So many issues in product development happen when leaders and teams fail to manage the interfaces between functional disciplines. It’s a huge source of waste, frustration, and failure as Jim Morgan, author of Designing the Future, reminds us. An obeya (a.k.a. “big room” in Japanese) is a lean product and process development (LPPD) tool that can immediately help.
But how do we create these big rooms for cross-functional teams to meet, make work visible, and solve hard problems in a virtual world? What about when team members are working in different time zones? When some are remote and others are in-office? Success means sticking to the principles of obeya and making your obeya work for you and your organizational context. Read on for more practical advice from LEI coaches and Design Brief contributors.
Steve Shoemaker on the purpose of obeya and how to coordinate global teams:
“The obeya is a common starting place for most lean product and process development journeys. It builds off the value-stream map and quickly helps the team see the flow of work for better value creation. It also helps team members see who their customers are from a value-creation perspective … The obeya serves as a coordination center to ensure the value stream flows smoothly. It allows the team to see development in real-time and respond to problems as mole hills before they become mountains.”

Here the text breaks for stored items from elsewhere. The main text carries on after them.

text \<open>
  The profile is self-similar: substituting \<open>x = t powr \<alpha> * y\<close> gives
  \<open>\<integral> U(t,x) powr r dx = t powr (\<alpha> (1 - r)) * \<integral> (D + k y\<^sup>2) powr (-r/(1-m)) dy\<close>,
  so by Tonelli each space-time integral factors into a power of \<open>t\<close> integrated over the
  time interval and a fixed integral in \<open>y\<close>. The latter is finite as soon as
  \<open>2r/(1-m) > 1\<close>, which for \<open>r = m\<close> and \<open>r = 2m\<close> are exactly the conditions \<open>m > 1/3\<close>
  and \<open>m > 1/5\<close>; the time factor is bounded for \<open>r = m \<le> 1\<close> (giving the bound linear in
  \<open>\<ell> - s\<close>, with \<open>p = 2\<close>) and integrable at \<open>0\<close> for \<open>r = 2m\<close>. Part (iv) is the same tail
  estimate with the extra weight \<open>|x|\<^sup>4\<close>, which needs \<open>2/(1-m) - 4 > 1\<close>, i.e. \<open>m > 3/5\<close>.
  The constant \<open>D\<close> is positive because the integrand of \<open>I\<close> is at least \<open>(1/2) powr q\<close>
  on \<open>[-\<pi>/3, \<pi>/3]\<close>.
\<close>

lemma Icos_pos:
  assumes "0 < m" "m < 1"
  shows "Icos m > 0"
proof -
  define q where "q = 2 * m / (1 - m)"
  have q: "q > 0" using assms by (simp add: q_def)
  let ?f = "\<lambda>x. cos x powr q"
  have "continuous_on {-(pi/2)..pi/2} ?f"
    using q by (intro continuous_on_powr' continuous_intros) (auto intro!: cos_ge_zero)
  then have int_half: "?f integrable_on {-(pi/2)..pi/2}"
    using integrable_continuous_interval by blast
  have int_third: "?f integrable_on {-(pi/3)..pi/3}"
    by (rule integrable_on_subinterval[OF int_half]) auto
  have "integral {-(pi/3)..pi/3} ?f \<le> integral {-(pi/2)..pi/2} ?f"
    by (rule integral_subset_le[OF _ int_third int_half]) (auto intro!: cos_ge_zero)
  moreover have "integral {-(pi/3)..pi/3} (\<lambda>x. (1/2::real) powr q) \<le> integral {-(pi/3)..pi/3} ?f"
  proof (rule integral_le[OF _ int_third])
    show "(\<lambda>x. (1/2::real) powr q) integrable_on {-(pi/3)..pi/3}"
      by (intro integrable_continuous_interval continuous_intros)
    fix x assume x: "x \<in> {-(pi/3)..pi/3}"
    have "cos (pi/3) \<le> cos \<bar>x\<bar>"
      using x pi_gt3 by (intro cos_monotone_0_pi_le) auto
    then have "1/2 \<le> cos x" by (simp add: cos_60)
    then show "(1/2::real) powr q \<le> cos x powr q"
      using q by (intro powr_mono2) auto
  qed
  moreover have "integral {-(pi/3)..pi/3} (\<lambda>x. (1/2::real) powr q) > 0"
    using pi_gt_zero by (simp add: content_real)
  ultimately show ?thesis unfolding Icos_def q_def by linarith
qed

lemma Barenblatt_constants_pos:
  assumes "0 < m" "m < 1"
  shows "Dconst m > 0" "ktilde m > 0" "alpha_exp m > 0"
proof -
  show k: "ktilde m > 0" using assms by (simp add: ktilde_def)
  show "Dconst m > 0" using Icos_pos[OF assms] k unfolding Dconst_def by simp
  show "alpha_exp m > 0" using assms by (simp add: alpha_exp_def)
qed

subsection \<open>Integrability on the real line\<close>

lemma nn_integral_powr_atLeast_1:
  assumes p: "p > 1"
  shows "(\<integral>\<^sup>+x. ennreal (x powr (-p) * indicator {1..} x) \<partial>lborel) = ennreal (1 / (p - 1))"
proof -
  have "((\<lambda>x. x powr (-p)) has_integral (-(1 powr (-p+1)) / (-p+1))) {1..}"
    using p by (intro has_integral_powr_to_inf) auto
  moreover have "-(1 powr (-p+1)) / (-p+1) = 1 / (p - 1)"
    using p by (simp add: field_simps)
  moreover have "(\<lambda>x. x powr (-p) * indicator {1..} x) = (\<lambda>x. if x \<in> {1..} then x powr (-p) else 0)"
    by (auto simp: indicator_def fun_eq_iff)
  ultimately have "((\<lambda>x. x powr (-p) * indicator {1..} x) has_integral (1 / (p - 1))) UNIV"
    by (simp only: has_integral_restrict_UNIV)
  then show ?thesis
    by (intro nn_integral_has_integral_lborel) (auto simp: indicator_def)
qed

Read more: Lean Product and Process Development at Scale: Implementing Obeya Across Global Teams
Katrina Appell on how to think about creating your virtual obeya and how leadership behaviors will determine its usefulness:
“One aspect of lean is creating our processes and adapting technology to support those processes rather than letting technology define our processes. When abruptly changing how we work together, it can be easy to let technology influence the way we work. It is worth taking some time to reflect on the purpose of our processes and tools and how we are using technology to support our objectives.
“People have had a lot of interest in [creating obeyas] remotely for a long time. With obeyas, we are trying to create conditions for teams to effectively work together to make decisions and solve problems …

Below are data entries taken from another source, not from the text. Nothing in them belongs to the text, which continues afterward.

text \<open>By \<open>fock_nn_wcomp_kernel\<close>, \<open>exp (kernel_exponent a b c q)\<close> is the factor by which the
  operator multiplies the squared norm of the kernel at \<open>q\<close>.\<close>

definition kernel_exponent :: "complex \<Rightarrow> complex \<Rightarrow> complex \<Rightarrow> complex \<Rightarrow> real" where
  "kernel_exponent a b c q = (cmod (c + cnj a * q))\<^sup>2 + 2 * Re (cnj q * b) - (cmod q)\<^sup>2"

lemma kernel_exponent_eq:
  "kernel_exponent a b c q = (cmod c)\<^sup>2 + 2 * Re (cnj q * (b + a * c)) - (1 - (cmod a)\<^sup>2) * (cmod q)\<^sup>2"
  unfolding kernel_exponent_def cmod_power2 by (simp add: power2_eq_square algebra_simps)

lemma fock_nn_wcomp_kernel:
  "fock_nn (wcomp (fock_kernel c) (\<lambda>z. a * z + b) (\<lambda>z. C * exp (cnj q * z)))
     = ennreal (exp (kernel_exponent a b c q)) * fock_nn (\<lambda>z. C * exp (cnj q * z))"
proof -
  have "(cmod (C * exp (cnj q * b)))\<^sup>2 * exp ((cmod (c + cnj a * q))\<^sup>2)
      = exp (kernel_exponent a b c q) * ((cmod C)\<^sup>2 * exp ((cmod q)\<^sup>2))"
    by (simp add: kernel_exponent_def norm_mult power_mult_distrib norm_exp_power2 mult_exp_exp
        del: norm_exp_eq_Re flip: exp_add)
  then show ?thesis
    unfolding wcomp_fock_kernel_affine_kernel fock_nn_kernel by (simp add: ennreal_mult)
qed

lemma fock_nn_wcomp_affine:
  assumes [measurable]: "f \<in> borel_measurable borel" and "a \<noteq> 0"
  shows "fock_nn (\<lambda>z. exp (cnj c * z) * f (a * z + b))
     = ennreal (exp ((cmod (c + cnj a * q))\<^sup>2 + 2 * Re (cnj q * b)))
       * gauss_mean_sq ((cmod a)\<^sup>2) (b + a * (c + cnj a * q)) (\<lambda>v. f v * exp (- cnj q * v))"
proof -
  define p s m where "p = c + cnj a * q" and "s = (cmod a)\<^sup>2" and "m = b + a * p"
  define G where "G v = f v * exp (- cnj q * v)" for v
  have "s > 0"
    using assms(2) by (simp add: s_def)
  have [measurable]: "G \<in> borel_measurable borel"
    unfolding G_def by measurable
  have "exp (cnj c * z) * f (a * z + b) * exp (- cnj p * z) = exp (cnj q * b) * G (a * z + b)" for z
  proof -
    have "cnj c * z + - cnj p * z = cnj q * b + - cnj q * (a * z + b)"
      by (simp add: p_def algebra_simps)
    then show ?thesis
      by (simp add: G_def mult_ac flip: exp_add)
  qed
  moreover have "gauss_kernel 1 (z - p) = s * gauss_kernel s (a * z + b - m)" for z
  proof -
    have "(cmod (a * z + b - m))\<^sup>2 / s = (cmod (z - p))\<^sup>2"
      using \<open>s > 0\<close> by (simp add: m_def s_def norm_mult power_mult_distrib flip: right_diff_distrib)
    then show ?thesis
      using \<open>s > 0\<close> by (simp add: gauss_kernel_def)
  qed
  ultimately have "gauss_mean_sq 1 p (\<lambda>z. exp (cnj c * z) * f (a * z + b) * exp (- cnj p * z))
      = (\<integral>\<^sup>+z. ennreal (exp (2 * Re (cnj q * b)) * s)
           * ennreal ((cmod (G (a * z + b)))\<^sup>2 * gauss_kernel s (a * z + b - m)) \<partial>lborel)"
    unfolding gauss_mean_sq_def using \<open>s > 0\<close>
    by (intro nn_integral_cong)
      (simp add: norm_mult power_mult_distrib norm_exp_power2 gauss_kernel_nonneg mult_ac
        del: norm_exp_eq_Re flip: ennreal_mult)
  also have "\<dots> = ennreal (exp (2 * Re (cnj q * b)) * s) * ennreal (1 / s) * gauss_mean_sq s m G"
  proof -
    define F where "F v = ennreal ((cmod (G v))\<^sup>2 * gauss_kernel s (v - m))" for v
    have "F \<in> borel_measurable borel"
      unfolding F_def by measurable
    from nn_integral_lborel_complex_affine[OF this assms(2), of b] show ?thesis
      by (simp add: nn_integral_cmult F_def gauss_mean_sq_def s_def mult.assoc)
  qed
  also have "\<dots> = ennreal (exp (2 * Re (cnj q * b))) * gauss_mean_sq s m G"
    using \<open>s > 0\<close> by (simp flip: ennreal_mult)
  finally show ?thesis
    using fock_nn_eq_gauss_mean_sq[of "\<lambda>z. exp (cnj c * z) * f (a * z + b)" p]
    by (simp add: p_def s_def m_def G_def[abs_def] mult.assoc exp_add ennreal_mult)
qed

lemma fock_nn_wcomp_const_le:
  assumes "f holomorphic_on UNIV"
  shows "fock_nn (wcomp (fock_kernel c) (\<lambda>_. b) f) \<le> ennreal (exp ((cmod c)\<^sup>2 + (cmod b)\<^sup>2)) * fock_nn f"
proof -
  have "fock_nn (wcomp (fock_kernel c) (\<lambda>_. b) f) = ennreal (exp ((cmod c)\<^sup>2)) * ennreal ((cmod (f b))\<^sup>2)"
    using fock_nn_kernel[of "f b" c] by (simp add: wcomp_def fock_kernel_def mult.commute ennreal_mult)
  also have "\<dots> \<le> ennreal (exp ((cmod c)\<^sup>2)) * (ennreal (exp ((cmod b)\<^sup>2)) * fock_nn f)"
    by (intro mult_left_mono fock_point_bound assms) simp
  finally show ?thesis
    by (simp add: mult.assoc ennreal_mult exp_add)
qed

text \<open>For \<open>|a| < 1\<close> the choice of \<open>q\<close> makes the centre \<open>b + a (c + cnj a q)\<close> equal to \<open>q\<close>
  itself, so the Gaussian mean of variance \<open>|a|\<^sup>2\<close> can be compared with the one of variance \<open>1\<close>
  that computes \<open>fock_nn f\<close>.\<close>

lemma fock_nn_wcomp_affine_le:
  fixes a b c :: complex
  assumes "f holomorphic_on UNIV" and "cmod a < 1"
  defines "q \<equiv> (b + a * c) / of_real (1 - (cmod a)\<^sup>2)"
  shows "fock_nn (wcomp (fock_kernel c) (\<lambda>z. a * z + b) f)
           \<le> ennreal (exp (kernel_exponent a b c q)) * fock_nn f"
proof (cases "a = 0")
  case True
  have "Re (cnj b * b) = (cmod b)\<^sup>2"
    by (simp add: mult.commute flip: complex_norm_square)
  then have "kernel_exponent a b c q = (cmod c)\<^sup>2 + (cmod b)\<^sup>2"
    using True by (simp add: q_def kernel_exponent_eq)
  then show ?thesis
    using fock_nn_wcomp_const_le[OF assms(1), of c b] True by simp
next
  case False
  define s where "s = (cmod a)\<^sup>2"
  have s: "0 < s" "s < 1"
    using False assms(2) by (simp_all add: s_def abs_square_less_1)
  have centre: "b + a * (c + cnj a * q) = q"
  proof -
    have "a * cnj a = of_real s"
      by (simp only: s_def complex_norm_square)
    moreover have "q * of_real (1 - s) = b + a * c"
      using s by (simp add: q_def flip: s_def)
    moreover have "b + a * (c + cnj a * q) = b + a * c + q * (a * cnj a)"
      by (simp add: algebra_simps)
    ultimately show ?thesis
      by (simp add: algebra_simps)
  qed
  have "(\<lambda>v. f v * exp (- cnj q * v)) holomorphic_on UNIV"
    using assms(1) by (intro holomorphic_intros)
  then have "gauss_mean_sq s q (\<lambda>v. f v * exp (- cnj q * v)) \<le> gauss_mean_sq 1 q (\<lambda>v. f v * exp (- cnj q * v))"
    using s by (intro gauss_mean_sq_mono) simp_all
  then have "fock_nn (wcomp (fock_kernel c) (\<lambda>z. a * z + b) f)
      \<le> ennreal (exp ((cmod (c + cnj a * q))\<^sup>2 + 2 * Re (cnj q * b)))
        * gauss_mean_sq 1 q (\<lambda>v. f v * exp (- cnj q * v))"
    using fock_nn_wcomp_affine[OF borel_measurable_holomorphic[OF assms(1)] False, of c b q]
    by (simp add: wcomp_fock_kernel_affine centre s_def mult_left_mono)
  also have "\<dots> = ennreal (exp (kernel_exponent a b c q))
      * (ennreal (exp ((cmod q)\<^sup>2)) * gauss_mean_sq 1 q (\<lambda>v. f v * exp (- cnj q * v)))"
    by (simp add: kernel_exponent_def mult.assoc[symmetric] flip: ennreal_mult exp_add)
  also have "\<dots> = ennreal (exp (kernel_exponent a b c q)) * fock_nn f"
    using fock_nn_eq_gauss_mean_sq[OF borel_measurable_holomorphic[OF assms(1)], of q] by simp
  finally show ?thesis .
qed

lemma fock_nn_wcomp_unimodular:
  assumes [measurable]: "f \<in> borel_measurable borel" and "cmod a = 1" and "b + a * c = 0"
  shows "fock_nn (wcomp (fock_kernel c) (\<lambda>z. a * z + b) f) = ennreal (exp (kernel_exponent a b c 0)) * fock_nn f"
proof -
  have "a \<noteq> 0"
    using assms(2) by auto
  then show ?thesis
    using fock_nn_wcomp_affine[of f a c b 0] fock_nn_eq_gauss_mean_sq[of f 0] assms
    by (simp add: wcomp_fock_kernel_affine kernel_exponent_def)
qed

lemma real_sqrt_exp: "sqrt (exp x) = exp (x / 2)"
  by (rule real_sqrt_unique) (simp_all add: power2_eq_square flip: exp_add)

lemma fock_op_norm_eqI:
  assumes "V \<ge> 0"
    and le: "\<And>f. f \<in> fock_space \<Longrightarrow> fock_nn (T f) \<le> ennreal V * fock_nn f"
    and "f0 \<in> fock_space" "fock_nn f0 = 1" "fock_nn (T f0) = ennreal V"
  shows "fock_op_norm T = sqrt V"
proof -
  define S where "S = {fock_norm (T f) | f. f \<in> fock_space \<and> fock_norm f \<le> 1}"
  have "sqrt V \<in> S"
    unfolding S_def using assms by (auto simp: fock_norm_def intro!: exI[of _ f0])
  moreover have "x \<le> sqrt V" if "x \<in> S" for x
  proof -
    obtain f where f: "f \<in> fock_space" "fock_norm f \<le> 1" and x: "x = fock_norm (T f)"
      using \<open>x \<in> S\<close> unfolding S_def by blast
    have "fock_nn f < \<infinity>"
      using f by (simp add: fock_space_def)
    then have "enn2real (fock_nn (T f)) \<le> enn2real (ennreal V * fock_nn f)"
      using le[OF f(1)] by (intro enn2real_mono) (auto simp: ennreal_mult_less_top)
    then have "x \<le> sqrt (V * enn2real (fock_nn f))"
      using \<open>V \<ge> 0\<close> by (simp add: x fock_norm_def enn2real_mult)
    also have "\<dots> = sqrt V * fock_norm f"
      by (simp add: fock_norm_def real_sqrt_mult)
    also have "\<dots> \<le> sqrt V"
      using f(2) \<open>V \<ge> 0\<close> by (intro mult_left_le) auto
    finally show ?thesis .
  qed
  ultimately show ?thesis
    unfolding fock_op_norm_def S_def[symmetric] by (rule cSup_eq_maximum)
qed

text \<open>Once \<open>exp (kernel_exponent a b c q)\<close> bounds \<open>\<parallel>T f\<parallel>\<^sup>2 / \<parallel>f\<parallel>\<^sup>2\<close>, the normalised
  kernel at \<open>q\<close> attains it.\<close>

lemma fock_op_norm_wcomp_eq:
  assumes "\<And>f. f \<in> fock_space \<Longrightarrow>
    fock_nn (wcomp (fock_kernel c) (\<lambda>z. a * z + b) f) \<le> ennreal (exp (kernel_exponent a b c q)) * fock_nn f"
  shows "fock_op_norm (wcomp (fock_kernel c) (\<lambda>z. a * z + b)) = exp (kernel_exponent a b c q / 2)"
proof -
  define f0 where "f0 z = of_real (exp (- (cmod q)\<^sup>2 / 2)) * exp (cnj q * z)" for z
  have "fock_nn f0 = 1"
    by (simp add: f0_def[abs_def] fock_nn_kernel power2_eq_square flip: exp_add)
  then have "fock_op_norm (wcomp (fock_kernel c) (\<lambda>z. a * z + b)) = sqrt (exp (kernel_exponent a b c q))"
    using assms kernel_in_fock_space fock_nn_wcomp_kernel
    by (intro fock_op_norm_eqI[of _ _ f0]) (simp_all add: f0_def[abs_def])
  then show ?thesis
    by (simp add: real_sqrt_exp)
qed

lemma fock_bounded_imp_bdd_above_kernel_exponent:
  assumes "fock_bounded (wcomp (fock_kernel c) (\<lambda>z. a * z + b))"
  shows "bdd_above (range (kernel_exponent a b c))"
proof -
  obtain M where M: "\<And>f. f \<in> fock_space \<Longrightarrow>
      fock_norm (wcomp (fock_kernel c) (\<lambda>z. a * z + b) f) \<le> M * fock_norm f"
    using assms unfolding fock_bounded_def by blast
  have "kernel_exponent a b c q \<le> M\<^sup>2" for q
  proof -
    have "sqrt (exp (kernel_exponent a b c q)) * sqrt (exp ((cmod q)\<^sup>2)) \<le> M * sqrt (exp ((cmod q)\<^sup>2))"
      using M[OF kernel_in_fock_space[of 1 q]]
      unfolding fock_norm_def fock_nn_wcomp_kernel fock_nn_kernel
      by (simp add: real_sqrt_mult flip: ennreal_mult)
    then have "sqrt (exp (kernel_exponent a b c q)) \<le> M"
      by simp
    then have "exp (kernel_exponent a b c q) \<le> M\<^sup>2"
      by (rule sqrt_le_D)
    then show ?thesis
      using exp_gt_self[of "kernel_exponent a b c q"] by linarith
  qed
  then show ?thesis
    by (intro bdd_aboveI2)
qed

“Not every tool needs to do everything, but collectively people need all the pieces, and obeya can provide it all. We need to be mindful of what our behaviors are and do they support creating an enabling environment for people to work together effectively.”
Read more: How a Virtual Obeya Can Enable Effective Teamwork
John Drogosz on how to make sure the obeya truly works for your team and using it to get help on problems at the right time:
“The first month of obeya is a challenging time for most teams. They are both learning new ways to interact with one another while still trying to get their project work done. In many cases, while teams are experimenting there will be lively debates on various visuals – which ones work, which ones don’t. People will also be editorializing how much detail to share during obeya stand-up meetings.
“A best practice for the first few months of a new obeya is to build in a 10-minute debrief at the end of every other stand-up meeting to ask the team how the space and meeting rituals are working and what needs to be improved.”